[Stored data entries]
[Start of Attachment]

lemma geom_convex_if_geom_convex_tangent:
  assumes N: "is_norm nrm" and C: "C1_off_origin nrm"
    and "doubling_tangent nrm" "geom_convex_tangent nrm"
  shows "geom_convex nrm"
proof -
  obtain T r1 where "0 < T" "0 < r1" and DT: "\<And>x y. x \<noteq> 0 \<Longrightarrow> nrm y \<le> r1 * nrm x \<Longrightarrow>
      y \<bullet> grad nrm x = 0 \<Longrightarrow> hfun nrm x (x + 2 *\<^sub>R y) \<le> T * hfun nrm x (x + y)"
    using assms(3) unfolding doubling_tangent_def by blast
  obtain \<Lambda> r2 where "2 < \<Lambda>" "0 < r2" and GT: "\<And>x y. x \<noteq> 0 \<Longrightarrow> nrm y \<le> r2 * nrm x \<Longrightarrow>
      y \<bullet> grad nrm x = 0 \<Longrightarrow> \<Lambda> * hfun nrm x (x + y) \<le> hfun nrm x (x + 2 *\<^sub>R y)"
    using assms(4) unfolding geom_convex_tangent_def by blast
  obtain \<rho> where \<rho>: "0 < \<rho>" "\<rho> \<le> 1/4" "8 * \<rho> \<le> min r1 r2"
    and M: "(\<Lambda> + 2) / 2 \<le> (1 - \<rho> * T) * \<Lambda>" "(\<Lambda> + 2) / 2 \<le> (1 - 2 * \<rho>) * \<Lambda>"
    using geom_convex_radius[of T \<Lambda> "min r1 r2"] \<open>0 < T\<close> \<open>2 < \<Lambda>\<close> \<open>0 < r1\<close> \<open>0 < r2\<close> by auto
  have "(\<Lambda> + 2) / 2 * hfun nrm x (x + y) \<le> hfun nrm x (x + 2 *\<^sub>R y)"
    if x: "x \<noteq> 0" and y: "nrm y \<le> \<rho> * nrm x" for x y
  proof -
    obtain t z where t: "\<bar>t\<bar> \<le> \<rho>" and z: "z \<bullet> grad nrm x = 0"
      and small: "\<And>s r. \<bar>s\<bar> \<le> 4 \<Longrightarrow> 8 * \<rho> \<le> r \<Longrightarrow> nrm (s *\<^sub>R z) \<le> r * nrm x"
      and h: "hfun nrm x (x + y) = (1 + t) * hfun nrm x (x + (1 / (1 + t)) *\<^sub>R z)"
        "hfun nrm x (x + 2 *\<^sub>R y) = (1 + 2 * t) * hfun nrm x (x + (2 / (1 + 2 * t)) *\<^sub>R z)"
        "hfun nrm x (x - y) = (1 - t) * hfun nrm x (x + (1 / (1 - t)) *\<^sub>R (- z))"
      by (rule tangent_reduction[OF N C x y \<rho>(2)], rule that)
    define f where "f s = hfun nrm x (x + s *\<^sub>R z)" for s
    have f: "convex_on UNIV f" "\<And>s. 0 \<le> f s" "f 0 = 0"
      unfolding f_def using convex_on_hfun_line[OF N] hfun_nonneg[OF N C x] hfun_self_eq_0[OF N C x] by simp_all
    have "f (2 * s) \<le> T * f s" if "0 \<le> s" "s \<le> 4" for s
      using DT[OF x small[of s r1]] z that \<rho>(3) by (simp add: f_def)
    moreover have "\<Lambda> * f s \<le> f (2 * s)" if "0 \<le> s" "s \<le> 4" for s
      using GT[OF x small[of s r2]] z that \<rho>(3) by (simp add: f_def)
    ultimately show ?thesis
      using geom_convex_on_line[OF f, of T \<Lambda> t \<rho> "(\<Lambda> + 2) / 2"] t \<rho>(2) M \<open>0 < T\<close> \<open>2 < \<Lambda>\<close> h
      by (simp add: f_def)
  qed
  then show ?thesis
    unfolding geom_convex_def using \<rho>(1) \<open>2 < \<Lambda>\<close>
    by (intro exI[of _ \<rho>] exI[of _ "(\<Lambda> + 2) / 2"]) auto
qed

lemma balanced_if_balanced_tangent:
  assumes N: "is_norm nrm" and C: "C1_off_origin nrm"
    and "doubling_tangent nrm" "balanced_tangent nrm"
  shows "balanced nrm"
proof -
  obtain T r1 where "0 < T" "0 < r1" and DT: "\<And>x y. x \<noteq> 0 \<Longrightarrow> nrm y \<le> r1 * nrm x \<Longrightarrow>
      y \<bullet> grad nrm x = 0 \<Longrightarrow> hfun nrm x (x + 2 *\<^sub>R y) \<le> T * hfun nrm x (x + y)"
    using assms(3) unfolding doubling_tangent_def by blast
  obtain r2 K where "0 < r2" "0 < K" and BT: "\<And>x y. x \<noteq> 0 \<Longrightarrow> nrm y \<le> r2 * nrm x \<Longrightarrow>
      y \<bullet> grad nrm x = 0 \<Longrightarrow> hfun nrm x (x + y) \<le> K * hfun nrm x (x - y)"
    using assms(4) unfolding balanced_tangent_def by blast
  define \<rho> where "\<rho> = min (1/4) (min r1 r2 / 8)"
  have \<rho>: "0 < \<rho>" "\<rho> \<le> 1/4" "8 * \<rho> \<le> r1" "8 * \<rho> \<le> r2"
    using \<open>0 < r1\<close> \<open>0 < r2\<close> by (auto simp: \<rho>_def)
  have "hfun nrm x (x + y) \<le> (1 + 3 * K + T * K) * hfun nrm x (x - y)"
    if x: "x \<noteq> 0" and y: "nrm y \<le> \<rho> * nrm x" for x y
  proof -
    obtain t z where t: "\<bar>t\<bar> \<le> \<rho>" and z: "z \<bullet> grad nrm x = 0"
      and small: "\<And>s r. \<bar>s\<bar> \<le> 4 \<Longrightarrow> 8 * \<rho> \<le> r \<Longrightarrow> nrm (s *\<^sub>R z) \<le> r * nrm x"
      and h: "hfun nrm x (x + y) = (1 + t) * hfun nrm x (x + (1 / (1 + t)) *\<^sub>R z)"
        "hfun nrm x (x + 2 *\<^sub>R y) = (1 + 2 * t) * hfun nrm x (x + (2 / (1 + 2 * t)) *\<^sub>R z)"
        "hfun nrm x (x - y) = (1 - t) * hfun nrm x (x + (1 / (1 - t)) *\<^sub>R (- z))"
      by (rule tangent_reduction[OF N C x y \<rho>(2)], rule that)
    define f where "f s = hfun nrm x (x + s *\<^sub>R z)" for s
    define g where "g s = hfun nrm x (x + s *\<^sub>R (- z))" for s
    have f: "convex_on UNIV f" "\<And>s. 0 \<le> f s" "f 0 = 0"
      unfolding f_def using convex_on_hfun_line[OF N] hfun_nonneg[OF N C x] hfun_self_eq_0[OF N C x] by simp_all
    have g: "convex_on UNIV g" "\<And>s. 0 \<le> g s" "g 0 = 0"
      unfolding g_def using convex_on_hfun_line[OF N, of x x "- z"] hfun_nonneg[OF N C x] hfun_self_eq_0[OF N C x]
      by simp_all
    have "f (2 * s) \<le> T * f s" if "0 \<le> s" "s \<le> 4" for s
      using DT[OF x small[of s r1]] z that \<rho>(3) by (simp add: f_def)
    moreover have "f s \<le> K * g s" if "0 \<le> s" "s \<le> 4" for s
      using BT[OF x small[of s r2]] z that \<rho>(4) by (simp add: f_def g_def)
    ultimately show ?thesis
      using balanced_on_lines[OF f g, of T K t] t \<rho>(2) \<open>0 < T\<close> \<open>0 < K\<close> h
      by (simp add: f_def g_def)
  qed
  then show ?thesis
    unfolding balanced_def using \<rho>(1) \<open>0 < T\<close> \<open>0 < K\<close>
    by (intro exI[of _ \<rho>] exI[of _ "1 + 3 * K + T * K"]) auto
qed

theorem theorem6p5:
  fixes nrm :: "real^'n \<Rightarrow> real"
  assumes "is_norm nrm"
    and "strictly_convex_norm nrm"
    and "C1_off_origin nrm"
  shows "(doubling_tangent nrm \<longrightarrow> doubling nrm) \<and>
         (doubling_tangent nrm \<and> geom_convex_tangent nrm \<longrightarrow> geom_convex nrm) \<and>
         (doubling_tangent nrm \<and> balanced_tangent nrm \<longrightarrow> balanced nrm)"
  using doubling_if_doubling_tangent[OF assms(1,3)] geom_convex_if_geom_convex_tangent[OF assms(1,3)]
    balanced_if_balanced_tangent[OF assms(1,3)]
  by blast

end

[End of Attachment]

Every line that holds the word "close" should be copied from the records.

EXERCISE RESPONSE —
    using geom_convex_radius[of T \<Lambda> "min r1 r2"] \<open>0 < T\<close> \<open>2 < \<Lambda>\<close> \<open>0 < r1\<close> \<open>0 < r2\<close> by auto
      using geom_convex_on_line[OF f, of T \<Lambda> t \<rho> "(\<Lambda> + 2) / 2"] t \<rho>(2) M \<open>0 < T\<close> \<open>2 < \<Lambda>\<close> h
    unfolding geom_convex_def using \<rho>(1) \<open>2 < \<Lambda>\<close>
    using \<open>0 < r1\<close> \<open>0 < r2\<close> by (auto simp: \<rho>_def)
      using balanced_on_lines[OF f g, of T K t] t \<rho>(2) \<open>0 < T\<close> \<open>0 < K\<close> h
    unfolding balanced_def using \<rho>(1) \<open>0 < T\<close> \<open>0 < K\<close>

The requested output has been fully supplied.